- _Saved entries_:
▼▼▼

lemma regular_supershift_convolution:
  fixes \<psi> :: "real \<Rightarrow> complex"
  assumes A: "open A" "is_interval A" "regular_supershift A \<psi>"
    and "0 < \<delta>" and \<theta>: "smooth_on UNIV \<theta>" "\<And>x. x \<notin> {0..\<delta>} \<Longrightarrow> \<theta> x = 0"
  shows "regular_supershift {a \<in> A. a - \<delta> \<in> A} (convolution \<delta> \<theta> \<psi>)"
proof (rule regular_supershiftI)
  have "continuous_on A \<psi>" using A(3) by (simp add: regular_supershift_def)
  then show "continuous_on {a \<in> A. a - \<delta> \<in> A} (convolution \<delta> \<theta> \<psi>)"
    by (rule smooth_on_imp_continuous_on[OF smooth_on_convolution[OF A(1,2) _ \<theta>]])
next
  fix E K and \<eta> :: real
  assume "\<forall>e\<in>E. admissible_seq e" "\<forall>\<eta>>0. \<forall>\<^sub>F N in sequentially. \<forall>e\<in>E. e N < \<eta>"
    and "compact K" "K \<subseteq> dom_A {a \<in> A. a - \<delta> \<in> A}" "\<eta> > 0"
  then show "\<forall>\<^sub>F N in sequentially. \<forall>e\<in>E. \<forall>p\<in>K.
      dist (S_eps e (convolution \<delta> \<theta> \<psi>) N p) (convolution \<delta> \<theta> \<psi> (fst p + snd p)) < \<eta>"
    by (rule convolution_supershift_estimate[OF A(2,3) smooth_on_imp_continuous_on[OF \<theta>(1)] \<open>0 < \<delta>\<close>])
qed

theorem mainTheorem4:
  fixes lo hi :: ereal and \<psi> :: "real \<Rightarrow> complex" and \<theta> :: "real \<Rightarrow> real" and \<delta> :: real
  assumes "hi - lo > 2"
    and "regular_supershift (ointerval lo hi) \<psi>"
    and "0 < \<delta>" and "ereal \<delta> < hi - lo - 2"
    and "smooth_on UNIV \<theta>"
    and "\<forall>x. x \<notin> {0..\<delta>} \<longrightarrow> \<theta> x = 0"
  shows "smooth_on {a \<in> ointerval lo hi. a - \<delta> \<in> ointerval lo hi}
           (\<lambda>a. integral {0..\<delta>} (\<lambda>\<alpha>. complex_of_real (\<theta> \<alpha>) * \<psi> (a - \<alpha>)))
       \<and> regular_supershift {a \<in> ointerval lo hi. a - \<delta> \<in> ointerval lo hi}
           (\<lambda>a. integral {0..\<delta>} (\<lambda>\<alpha>. complex_of_real (\<theta> \<alpha>) * \<psi> (a - \<alpha>)))"
proof -
  \<comment> \<open>The length conditions on A and \<delta> only make A_\<delta> an interval of length > 2.\<close>
  let ?A = "ointerval lo hi"
  have \<psi>: "continuous_on ?A \<psi>" using assms(2) by (simp add: regular_supershift_def)
  have \<theta>: "\<And>x. x \<notin> {0..\<delta>} \<Longrightarrow> \<theta> x = 0" using assms(6) by blast
  have "smooth_on {a \<in> ?A. a - \<delta> \<in> ?A} (convolution \<delta> \<theta> \<psi>)"
    by (rule smooth_on_convolution[OF open_ointerval is_interval_ointerval \<psi> assms(5) \<theta>])
  moreover have "regular_supershift {a \<in> ?A. a - \<delta> \<in> ?A} (convolution \<delta> \<theta> \<psi>)"
    by (rule regular_supershift_convolution[OF open_ointerval is_interval_ointerval assms(2,3,5) \<theta>])
  ultimately show ?thesis unfolding convolution_def by blast
qed

end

▲▲▲

- _Problem details_: Give back all of the records exactly as they were provided above.

- _Worked solution_:
lemma regular_supershift_convolution:
  fixes \<psi> :: "real \<Rightarrow> complex"
  assumes A: "open A" "is_interval A" "regular_supershift A \<psi>"
    and "0 < \<delta>" and \<theta>: "smooth_on UNIV \<theta>" "\<And>x. x \<notin> {0..\<delta>} \<Longrightarrow> \<theta> x = 0"
  shows "regular_supershift {a \<in> A. a - \<delta> \<in> A} (convolution \<delta> \<theta> \<psi>)"
proof (rule regular_supershiftI)
  have "continuous_on A \<psi>" using A(3) by (simp add: regular_supershift_def)
  then show "continuous_on {a \<in> A. a - \<delta> \<in> A} (convolution \<delta> \<theta> \<psi>)"
    by (rule smooth_on_imp_continuous_on[OF smooth_on_convolution[OF A(1,2) _ \<theta>]])
next
  fix E K and \<eta> :: real
  assume "\<forall>e\<in>E. admissible_seq e" "\<forall>\<eta>>0. \<forall>\<^sub>F N in sequentially. \<forall>e\<in>E. e N < \<eta>"
    and "compact K" "K \<subseteq> dom_A {a \<in> A. a - \<delta> \<in> A}" "\<eta> > 0"
  then show "\<forall>\<^sub>F N in sequentially. \<forall>e\<in>E. \<forall>p\<in>K.
      dist (S_eps e (convolution \<delta> \<theta> \<psi>) N p) (convolution \<delta> \<theta> \<psi> (fst p + snd p)) < \<eta>"
    by (rule convolution_supershift_estimate[OF A(2,3) smooth_on_imp_continuous_on[OF \<theta>(1)] \<open>0 < \<delta>\<close>])
qed

theorem mainTheorem4:
  fixes lo hi :: ereal and \<psi> :: "real \<Rightarrow> complex" and \<theta> :: "real \<Rightarrow> real" and \<delta> :: real
  assumes "hi - lo > 2"
    and "regular_supershift (ointerval lo hi) \<psi>"
    and "0 < \<delta>" and "ereal \<delta> < hi - lo - 2"
    and "smooth_on UNIV \<theta>"
    and "\<forall>x. x \<notin> {0..\<delta>} \<longrightarrow> \<theta> x = 0"
  shows "smooth_on {a \<in> ointerval lo hi. a - \<delta> \<in> ointerval lo hi}
           (\<lambda>a. integral {0..\<delta>} (\<lambda>\<alpha>. complex_of_real (\<theta> \<alpha>) * \<psi> (a - \<alpha>)))
       \<and> regular_supershift {a \<in> ointerval lo hi. a - \<delta> \<in> ointerval lo hi}
           (\<lambda>a. integral {0..\<delta>} (\<lambda>\<alpha>. complex_of_real (\<theta> \<alpha>) * \<psi> (a - \<alpha>)))"
proof -
  \<comment> \<open>The length conditions on A and \<delta> only make A_\<delta> an interval of length > 2.\<close>
  let ?A = "ointerval lo hi"
  have \<psi>: "continuous_on ?A \<psi>" using assms(2) by (simp add: regular_supershift_def)
  have \<theta>: "\<And>x. x \<notin> {0..\<delta>} \<Longrightarrow> \<theta> x = 0" using assms(6) by blast
  have "smooth_on {a \<in> ?A. a - \<delta> \<in> ?A} (convolution \<delta> \<theta> \<psi>)"
    by (rule smooth_on_convolution[OF open_ointerval is_interval_ointerval \<psi> assms(5) \<theta>])
  moreover have "regular_supershift {a \<in> ?A. a - \<delta> \<in> ?A} (convolution \<delta> \<theta> \<psi>)"
    by (rule regular_supershift_convolution[OF open_ointerval is_interval_ointerval assms(2,3,5) \<theta>])
  ultimately show ?thesis unfolding convolution_def by blast
qed

end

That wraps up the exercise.